After that, Keith and I walked up to 280 to see if we could help. It was immediately evident we couldn’t. Bits of reflective plastic covered the white road like ice cream sprinkles. Tractor trailers slid into formation to inch past the used car lot 280 had become. People were driving the same direction on both sides of the divide. We were not equipped to do anything but take photos.
We walked down to Brookwood, and Keith struck off on a tour of U.S. 31 and Hollywood. He bravely left for home at about 11 a.m. I was not so brave.
I went back to the desk and powered out the best road update I could put together because, were it me separated from my kids, I’d want to know the quickest remedy for it. I updated it for a couple hours and suddenly felt too tired to do it anymore. What really happened was I realized I was alone. I passed out.
Two hours later, Dan, the publisher, showed up. He had walked from West Homewood to Brookwood and driven to Office Park from there. He said Lakeshore was good, so I went.
I was going to Regent Forest in Hoover, which meant I needed to get up the hill. Columbiana Road was non-negotiable, and I-65 South wasn’t moving. I had already received a photo of South Shades Crest. That wasn’t happening. I parked safely near Samford and started walking.
My hike was better than most — only four or five miles. I felt guilty.

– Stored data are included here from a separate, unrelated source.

theorem corollary1:
  fixes M :: "'a measure"
    and s b :: nat and mu lam :: "nat \<Rightarrow> real" and beta :: real
    and chi :: "nat \<Rightarrow> real" and delta0 :: real and eps :: "nat \<Rightarrow> nat \<Rightarrow> real"
    and known :: bool and r :: "nat \<Rightarrow> nat \<Rightarrow> real"
    and epsm :: "nat \<Rightarrow> nat \<Rightarrow> nat \<Rightarrow> nat list \<Rightarrow> real"
    and p :: "nat \<Rightarrow> real" and d :: "nat \<Rightarrow> nat \<Rightarrow> real"
    and z u :: "nat \<Rightarrow> 'a \<Rightarrow> real" and w :: "nat \<Rightarrow> nat \<Rightarrow> 'a \<Rightarrow> real"
    and og :: "nat \<Rightarrow> 'a \<Rightarrow> nat"
    and rt :: "nat \<Rightarrow> nat \<Rightarrow> 'a \<Rightarrow> nat" and rk :: "nat \<Rightarrow> nat \<Rightarrow> 'a \<Rightarrow> nat \<Rightarrow> nat"
    and C C' :: real
  assumes s2: "2 \<le> s" and b1: "1 \<le> b"
    and mu_pos: "0 < mu 1" and mu_mono: "\<forall>k\<in>{1..<s}. mu k \<le> mu (Suc k)"
    and lam_pos: "\<forall>n. 0 < lam n"
    and heavy: "(\<lambda>n. sqrt (real n) * (1 - lam n / (\<Sum>k=1..s. mu k))) \<longlonglongrightarrow> beta"
    and chi_pos: "\<forall>n. 0 < chi n"
    and chi_0: "chi \<longlonglongrightarrow> 0"
    and chi_inf: "filterlim (\<lambda>n. sqrt (real n) * chi n) at_top sequentially"
    and chi_lil: "filterlim (\<lambda>n. sqrt (real n) * chi n / sqrt (ln (ln (real n)))) at_top sequentially"
    and eps_sum: "\<forall>n. (\<Sum>l=1..s. eps n l) = 0"
    and eps_1: "\<forall>n. eps n 1 = chi n"
    and eps_neg: "\<forall>n. \<forall>l\<in>{2..s}. eps n l < 0"
    and eps_range: "\<forall>n. \<forall>k\<in>{1..s}. \<forall>l\<in>{1..s}.
         0 \<le> mu k / (\<Sum>i=1..s. mu i) + eps n l \<and> mu k / (\<Sum>i=1..s. mu i) + eps n l \<le> 1"
    and delta0: "0 < delta0" "\<forall>n. \<forall>l\<in>{2..s}. eps n l \<le> - delta0 * chi n"
    and p_pos: "\<forall>m\<in>{1..b}. 0 < p m" and p_sum: "(\<Sum>m=1..b. p m) = 1"
    and d_nonneg: "\<forall>m\<in>{1..b}. \<forall>k\<in>{1..s}. 0 \<le> d m k"
    and M: "prob_space M"
    and indep: "prob_space.indep_vars M (\<lambda>_. borel) (prim_family z w og u) (prim_index s)"
    and z_id: "\<forall>i\<ge>1. distr M borel (z i) = distr M borel (z 1)"
    and z_nonneg: "\<forall>i\<ge>1. AE x in M. 0 \<le> z i x"
    and z_mean: "integrable M (z 1)" "integral\<^sup>L M (z 1) = 1"
    and z_var: "integrable M (\<lambda>x. (z 1 x)\<^sup>2)"
    and z_4: "integrable M (\<lambda>x. (z 1 x) ^ 4)"
    and w_id: "\<forall>k\<in>{1..s}. \<forall>i\<ge>1. distr M borel (w k i) = distr M borel (w k 1)"
    and w_nonneg: "\<forall>k\<in>{1..s}. \<forall>i\<ge>1. AE x in M. 0 \<le> w k i x"
    and w_mean: "\<forall>k\<in>{1..s}. integrable M (w k 1) \<and> integral\<^sup>L M (w k 1) = 1"
    and w_var: "\<forall>k\<in>{1..s}. integrable M (\<lambda>x. (w k 1 x)\<^sup>2)"
    and w_4: "\<forall>k\<in>{1..s}. integrable M (\<lambda>x. (w k 1 x) ^ 4)"
    and og_dist: "\<forall>j\<ge>1. \<forall>m\<in>{1..b}. measure M {x \<in> space M. og j x = m} = p m"
    and u_unif: "\<forall>j\<ge>1. distr M lborel (u j) = uniform_measure lborel {0<..<1::real}"
    and plan: "known \<longrightarrow>
        (\<forall>m\<in>{1..b}. \<forall>k\<in>{1..s}. 0 \<le> r m k \<and> r m k \<le> 1) \<and>
        (\<forall>m\<in>{1..b}. (\<Sum>k=1..s. r m k) = 1) \<and>
        (\<forall>k\<in>{1..s}. mu k = (\<Sum>i=1..s. mu i) * (\<Sum>m=1..b. p m * r m k))"
    and epsm_cond: "known \<longrightarrow> (\<forall>n j x. 1 \<le> j \<longrightarrow>
        (\<forall>m\<in>{1..b}.
           (\<Sum>l=1..s. epsm n m l (map (rk n j x) [1..<Suc s])) = 0 \<and>
           0 \<le> epsm n m 1 (map (rk n j x) [1..<Suc s]) \<and>
           (\<forall>l\<in>{2..s}. epsm n m l (map (rk n j x) [1..<Suc s]) \<le> 0) \<and>
           (\<forall>k\<in>{1..s}. 0 \<le> r m k + epsm n m (rk n j x k) (map (rk n j x) [1..<Suc s]) \<and>
                        r m k + epsm n m (rk n j x k) (map (rk n j x) [1..<Suc s]) \<le> 1)) \<and>
        (\<forall>l\<in>{1..s}. (\<Sum>m=1..b. p m * epsm n m l (map (rk n j x) [1..<Suc s])) = eps n l))"
    and ranking: "\<forall>n j x. 1 \<le> j \<longrightarrow> ranks_sorted s
        (\<lambda>k. Lim (at_left (appear_time lam z n j x))
                 (\<lambda>t. queue_len lam z w og d mu rt n k t x / mu k)) (rk n j x)"
    and routing: "\<forall>n j x. 1 \<le> j \<longrightarrow> (\<forall>k\<in>{1..s}. rt n j x = k \<longleftrightarrow>
        rjsq_kappa known s mu eps r epsm n (og j x) (rk n j x) (k - 1) \<le> u j x \<and>
        u j x < rjsq_kappa known s mu eps r epsm n (og j x) (rk n j x) k)"
    and C_pos: "0 < C" "0 < C'"
    and bound: "\<forall>T>0. AE x in M. eventually (\<lambda>n.
        max_imbalance s (\<lambda>k t. scaled_load lam z w og d mu rt n k t x) T < ereal (rjsq_bound C C' chi n))
        sequentially"
  shows "(\<forall>C''>0. admissible_chi (\<lambda>n. C'' * real n powr (-1/4) * sqrt (ln (real n))) \<and>
            (\<forall>chi'. admissible_chi chi' \<longrightarrow>
               (\<lambda>n. rjsq_bound C C' (\<lambda>n. C'' * real n powr (-1/4) * sqrt (ln (real n))) n)
                 \<in> O(\<lambda>n. rjsq_bound C C' chi' n))) \<and>
         ((\<exists>C''>0. \<forall>n\<ge>2. chi n = C'' * real n powr (-1/4) * sqrt (ln (real n))) \<longrightarrow>
            (\<forall>T>0. AE x in M. \<exists>K. eventually (\<lambda>n.
               max_imbalance s (\<lambda>k t. scaled_load lam z w og d mu rt n k t x) T
                 \<le> ereal (K * (real n powr (-1/4) * sqrt (ln (real n))))) sequentially))"
proof (intro conjI allI impI)
  fix C'' :: real
  assume "0 < C''"
  then show "admissible_chi (\<lambda>n. C'' * real n powr (-1/4) * sqrt (ln (real n)))"
    by (rule admissible_chi_rate)
  fix chi' :: "nat \<Rightarrow> real"
  assume "admissible_chi chi'"
  then show "(\<lambda>n. rjsq_bound C C' (\<lambda>n. C'' * real n powr (-1/4) * sqrt (ln (real n))) n)
      \<in> O(\<lambda>n. rjsq_bound C C' chi' n)"
    using \<open>0 < C''\<close> C_pos unfolding admissible_chi_def
    by (blast intro: landau_o.big_trans rjsq_bound_rate_bigo rate_bigo_rjsq_bound)
next
  fix T :: real
  assume "\<exists>C''>0. \<forall>n\<ge>2. chi n = C'' * real n powr (-1/4) * sqrt (ln (real n))" and "0 < T"
  then obtain C'' where "0 < C''" and chi_eq: "\<forall>n\<ge>2. chi n = C'' * real n powr (-1/4) * sqrt (ln (real n))"
    by blast
  have "eventually (\<lambda>n. rjsq_bound C C' (\<lambda>n. C'' * real n powr (-1/4) * sqrt (ln (real n))) n
      = rjsq_bound C C' chi n) sequentially"
    using eventually_ge_at_top[of 2] by eventually_elim (simp add: rjsq_bound_def chi_eq)
  from landau_o.big.in_cong[OF this] rjsq_bound_rate_bigo[OF \<open>0 < C''\<close>, where C = C and C' = C']
  have bigo: "(\<lambda>n. rjsq_bound C C' chi n) \<in> O(\<lambda>n. real n powr (-1/4) * sqrt (ln (real n)))"
    by simp
  have nonneg: "eventually (\<lambda>n::nat. 0 \<le> real n powr (-1/4) * sqrt (ln (real n))) sequentially"
    using eventually_ge_at_top[of 1] by eventually_elim simp
  show "AE x in M. \<exists>K. eventually (\<lambda>n.
      max_imbalance s (\<lambda>k t. scaled_load lam z w og d mu rt n k t x) T
        \<le> ereal (K * (real n powr (-1/4) * sqrt (ln (real n))))) sequentially"
    using bound[rule_format, OF \<open>0 < T\<close>]
    by (rule eventually_mono) (intro eventually_less_bigo_bound[OF _ bigo nonneg])
qed

end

I wondered what was everyone else was thinking when they did this the night before? Anger, surely, over a situation spun wildly out of control. Maybe hope of being warm drug them up this hill and over the next three.
Maybe though, they were like me for most of it. Whether they had kindergarteners in tow, or a spouse or a parent, or they were all alone, too, maybe they just watched where they stepped. The real hope being that the black spot ahead was asphalt and nothing more.